WORK INSTRUCTION:
Every line of the entries below from the one containing "note [measurable] = nn_marg2_measurable[OF" to the one containing "by (simp add: case_prod_beta')", both ends included, must be written out exactly. No other line belongs in the answer.

(Collected data entries)
------------------------------------------------------------------------

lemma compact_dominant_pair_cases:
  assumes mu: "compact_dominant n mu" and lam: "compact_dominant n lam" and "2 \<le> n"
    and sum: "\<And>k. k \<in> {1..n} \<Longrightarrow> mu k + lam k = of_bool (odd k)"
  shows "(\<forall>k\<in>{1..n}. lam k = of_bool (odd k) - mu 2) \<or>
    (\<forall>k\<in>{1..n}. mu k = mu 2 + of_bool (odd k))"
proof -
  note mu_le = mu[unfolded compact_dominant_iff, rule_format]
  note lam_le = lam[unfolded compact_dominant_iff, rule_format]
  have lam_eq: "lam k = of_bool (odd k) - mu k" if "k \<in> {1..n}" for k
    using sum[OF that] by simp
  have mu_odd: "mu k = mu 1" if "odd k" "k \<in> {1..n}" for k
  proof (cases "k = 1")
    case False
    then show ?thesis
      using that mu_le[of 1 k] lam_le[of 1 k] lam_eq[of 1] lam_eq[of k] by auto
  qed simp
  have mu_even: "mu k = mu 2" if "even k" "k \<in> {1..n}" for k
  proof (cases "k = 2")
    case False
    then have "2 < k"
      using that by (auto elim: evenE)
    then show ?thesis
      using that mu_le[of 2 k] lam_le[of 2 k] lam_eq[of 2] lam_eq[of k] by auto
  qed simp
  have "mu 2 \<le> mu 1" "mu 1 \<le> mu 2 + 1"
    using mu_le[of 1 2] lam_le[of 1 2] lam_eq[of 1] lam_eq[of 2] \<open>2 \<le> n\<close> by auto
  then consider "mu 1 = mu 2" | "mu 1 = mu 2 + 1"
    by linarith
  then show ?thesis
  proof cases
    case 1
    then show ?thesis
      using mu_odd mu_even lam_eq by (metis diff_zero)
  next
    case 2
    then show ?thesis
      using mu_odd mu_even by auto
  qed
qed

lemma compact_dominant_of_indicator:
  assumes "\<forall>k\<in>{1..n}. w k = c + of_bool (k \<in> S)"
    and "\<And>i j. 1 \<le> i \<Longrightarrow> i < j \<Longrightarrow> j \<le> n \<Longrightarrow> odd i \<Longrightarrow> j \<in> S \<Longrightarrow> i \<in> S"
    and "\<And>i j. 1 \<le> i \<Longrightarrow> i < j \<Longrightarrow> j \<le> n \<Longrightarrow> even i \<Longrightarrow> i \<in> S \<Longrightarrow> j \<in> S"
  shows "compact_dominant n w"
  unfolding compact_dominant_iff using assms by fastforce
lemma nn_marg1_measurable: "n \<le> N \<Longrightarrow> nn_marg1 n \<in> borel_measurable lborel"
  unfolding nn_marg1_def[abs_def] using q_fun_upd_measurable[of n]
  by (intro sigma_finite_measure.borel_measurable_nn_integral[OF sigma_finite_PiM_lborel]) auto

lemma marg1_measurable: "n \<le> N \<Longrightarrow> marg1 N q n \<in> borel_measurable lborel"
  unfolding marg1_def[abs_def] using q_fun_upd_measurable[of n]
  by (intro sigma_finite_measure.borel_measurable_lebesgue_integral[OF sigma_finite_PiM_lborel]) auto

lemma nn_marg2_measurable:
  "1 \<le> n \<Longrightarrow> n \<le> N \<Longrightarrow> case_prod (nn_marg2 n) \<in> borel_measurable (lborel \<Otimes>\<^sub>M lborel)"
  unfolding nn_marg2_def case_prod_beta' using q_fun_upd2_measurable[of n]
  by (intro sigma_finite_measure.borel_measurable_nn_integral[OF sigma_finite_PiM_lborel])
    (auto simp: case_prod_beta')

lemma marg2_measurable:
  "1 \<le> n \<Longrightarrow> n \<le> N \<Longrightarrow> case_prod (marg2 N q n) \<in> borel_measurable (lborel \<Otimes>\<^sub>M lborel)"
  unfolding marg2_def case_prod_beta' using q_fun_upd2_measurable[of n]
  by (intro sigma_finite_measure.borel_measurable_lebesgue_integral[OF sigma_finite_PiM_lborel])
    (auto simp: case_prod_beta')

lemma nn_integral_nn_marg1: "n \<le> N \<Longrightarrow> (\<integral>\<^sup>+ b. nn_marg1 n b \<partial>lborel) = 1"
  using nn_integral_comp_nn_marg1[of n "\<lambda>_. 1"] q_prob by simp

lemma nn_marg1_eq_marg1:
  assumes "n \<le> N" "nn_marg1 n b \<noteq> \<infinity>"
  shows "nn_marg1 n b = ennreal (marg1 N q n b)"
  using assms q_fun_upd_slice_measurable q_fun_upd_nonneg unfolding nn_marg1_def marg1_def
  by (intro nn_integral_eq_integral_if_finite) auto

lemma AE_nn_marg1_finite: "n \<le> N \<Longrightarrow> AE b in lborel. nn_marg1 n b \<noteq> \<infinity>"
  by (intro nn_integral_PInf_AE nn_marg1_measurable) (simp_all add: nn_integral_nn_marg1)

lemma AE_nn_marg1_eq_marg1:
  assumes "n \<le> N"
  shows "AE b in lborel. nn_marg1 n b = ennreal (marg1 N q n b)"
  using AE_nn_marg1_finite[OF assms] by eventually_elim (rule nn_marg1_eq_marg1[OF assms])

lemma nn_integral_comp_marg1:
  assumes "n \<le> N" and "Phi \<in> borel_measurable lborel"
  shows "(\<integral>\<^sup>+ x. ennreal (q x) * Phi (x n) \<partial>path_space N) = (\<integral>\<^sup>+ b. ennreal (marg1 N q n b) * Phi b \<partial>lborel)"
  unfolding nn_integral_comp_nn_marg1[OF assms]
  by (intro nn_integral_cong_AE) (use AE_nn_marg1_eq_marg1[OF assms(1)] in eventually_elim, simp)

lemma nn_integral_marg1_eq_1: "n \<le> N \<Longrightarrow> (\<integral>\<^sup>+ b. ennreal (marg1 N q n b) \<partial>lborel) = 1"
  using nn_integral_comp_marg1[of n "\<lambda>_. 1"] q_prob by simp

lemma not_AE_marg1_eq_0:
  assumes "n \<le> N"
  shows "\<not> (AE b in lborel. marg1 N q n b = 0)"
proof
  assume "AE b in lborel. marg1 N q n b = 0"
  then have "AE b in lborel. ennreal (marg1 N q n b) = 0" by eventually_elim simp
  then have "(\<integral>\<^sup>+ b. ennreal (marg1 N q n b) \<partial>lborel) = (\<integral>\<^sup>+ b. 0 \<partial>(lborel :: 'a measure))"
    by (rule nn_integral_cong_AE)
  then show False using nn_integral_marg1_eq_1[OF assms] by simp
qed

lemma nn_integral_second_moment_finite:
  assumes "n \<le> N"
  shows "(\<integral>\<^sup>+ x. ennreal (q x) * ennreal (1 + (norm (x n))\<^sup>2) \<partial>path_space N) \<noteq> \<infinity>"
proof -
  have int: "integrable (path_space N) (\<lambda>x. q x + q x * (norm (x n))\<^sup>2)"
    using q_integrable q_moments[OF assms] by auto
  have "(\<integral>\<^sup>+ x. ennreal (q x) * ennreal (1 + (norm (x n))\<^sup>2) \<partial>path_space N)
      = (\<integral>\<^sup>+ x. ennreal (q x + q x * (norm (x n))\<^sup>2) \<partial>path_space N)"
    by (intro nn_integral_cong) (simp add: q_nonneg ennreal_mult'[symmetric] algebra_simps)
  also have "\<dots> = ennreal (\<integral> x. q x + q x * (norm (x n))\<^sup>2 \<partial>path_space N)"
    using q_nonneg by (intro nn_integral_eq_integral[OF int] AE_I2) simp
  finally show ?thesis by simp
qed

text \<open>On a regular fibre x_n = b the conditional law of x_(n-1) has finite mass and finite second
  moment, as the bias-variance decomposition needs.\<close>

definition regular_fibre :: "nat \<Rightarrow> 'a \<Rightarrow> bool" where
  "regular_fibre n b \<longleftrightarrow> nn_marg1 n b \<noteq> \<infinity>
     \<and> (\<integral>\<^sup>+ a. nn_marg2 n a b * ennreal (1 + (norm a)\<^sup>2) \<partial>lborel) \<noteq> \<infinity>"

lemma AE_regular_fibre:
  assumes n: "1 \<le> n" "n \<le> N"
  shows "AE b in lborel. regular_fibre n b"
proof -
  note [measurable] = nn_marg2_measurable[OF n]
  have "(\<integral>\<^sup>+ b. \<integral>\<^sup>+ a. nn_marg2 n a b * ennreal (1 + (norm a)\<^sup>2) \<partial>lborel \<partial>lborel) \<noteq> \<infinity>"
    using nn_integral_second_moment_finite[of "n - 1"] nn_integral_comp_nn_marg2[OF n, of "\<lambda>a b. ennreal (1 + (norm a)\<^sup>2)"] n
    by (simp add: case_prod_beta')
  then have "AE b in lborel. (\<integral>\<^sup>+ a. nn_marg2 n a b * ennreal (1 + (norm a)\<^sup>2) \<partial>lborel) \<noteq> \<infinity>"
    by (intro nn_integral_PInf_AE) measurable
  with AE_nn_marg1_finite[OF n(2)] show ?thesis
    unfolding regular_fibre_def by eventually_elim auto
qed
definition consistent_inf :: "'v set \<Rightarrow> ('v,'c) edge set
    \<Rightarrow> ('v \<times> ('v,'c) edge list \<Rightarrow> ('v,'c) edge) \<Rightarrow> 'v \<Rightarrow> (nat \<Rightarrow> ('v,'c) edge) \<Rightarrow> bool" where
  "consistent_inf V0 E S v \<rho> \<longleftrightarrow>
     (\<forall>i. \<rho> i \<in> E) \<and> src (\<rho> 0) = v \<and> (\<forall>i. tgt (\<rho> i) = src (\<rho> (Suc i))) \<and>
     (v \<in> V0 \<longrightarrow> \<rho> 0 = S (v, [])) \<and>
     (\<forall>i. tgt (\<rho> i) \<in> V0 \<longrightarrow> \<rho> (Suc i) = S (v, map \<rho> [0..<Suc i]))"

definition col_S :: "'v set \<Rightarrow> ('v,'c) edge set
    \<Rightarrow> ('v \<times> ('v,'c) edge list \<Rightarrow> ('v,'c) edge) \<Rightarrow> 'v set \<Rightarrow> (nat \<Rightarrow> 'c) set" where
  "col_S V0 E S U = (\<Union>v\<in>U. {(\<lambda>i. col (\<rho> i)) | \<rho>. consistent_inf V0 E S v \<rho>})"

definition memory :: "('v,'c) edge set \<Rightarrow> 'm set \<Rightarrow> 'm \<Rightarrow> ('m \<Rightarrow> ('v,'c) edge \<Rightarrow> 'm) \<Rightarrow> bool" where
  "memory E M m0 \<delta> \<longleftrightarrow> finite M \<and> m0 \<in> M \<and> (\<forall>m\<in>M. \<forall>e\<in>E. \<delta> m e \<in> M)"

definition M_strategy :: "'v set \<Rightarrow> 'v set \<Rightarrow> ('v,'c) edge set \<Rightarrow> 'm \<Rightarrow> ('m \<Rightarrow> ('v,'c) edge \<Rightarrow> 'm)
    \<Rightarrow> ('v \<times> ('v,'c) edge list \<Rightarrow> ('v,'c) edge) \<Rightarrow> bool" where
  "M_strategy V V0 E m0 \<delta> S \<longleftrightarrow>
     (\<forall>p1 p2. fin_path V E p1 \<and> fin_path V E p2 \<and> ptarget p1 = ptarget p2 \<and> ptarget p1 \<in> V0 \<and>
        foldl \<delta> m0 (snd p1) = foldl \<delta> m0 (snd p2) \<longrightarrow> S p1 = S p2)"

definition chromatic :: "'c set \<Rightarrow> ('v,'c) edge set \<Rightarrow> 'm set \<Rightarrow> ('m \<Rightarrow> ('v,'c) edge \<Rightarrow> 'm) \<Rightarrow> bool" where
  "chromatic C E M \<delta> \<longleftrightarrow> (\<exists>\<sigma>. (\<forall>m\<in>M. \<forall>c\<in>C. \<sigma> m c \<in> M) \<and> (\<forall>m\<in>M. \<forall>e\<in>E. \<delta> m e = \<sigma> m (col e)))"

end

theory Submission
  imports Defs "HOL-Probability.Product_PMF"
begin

------------------------------------------------------------------------

SOLUTION BELOW:
  note [measurable] = nn_marg2_measurable[OF n]
  have "(\<integral>\<^sup>+ b. \<integral>\<^sup>+ a. nn_marg2 n a b * ennreal (1 + (norm a)\<^sup>2) \<partial>lborel \<partial>lborel) \<noteq> \<infinity>"
    using nn_integral_second_moment_finite[of "n - 1"] nn_integral_comp_nn_marg2[OF n, of "\<lambda>a b. ennreal (1 + (norm a)\<^sup>2)"] n
    by (simp add: case_prod_beta')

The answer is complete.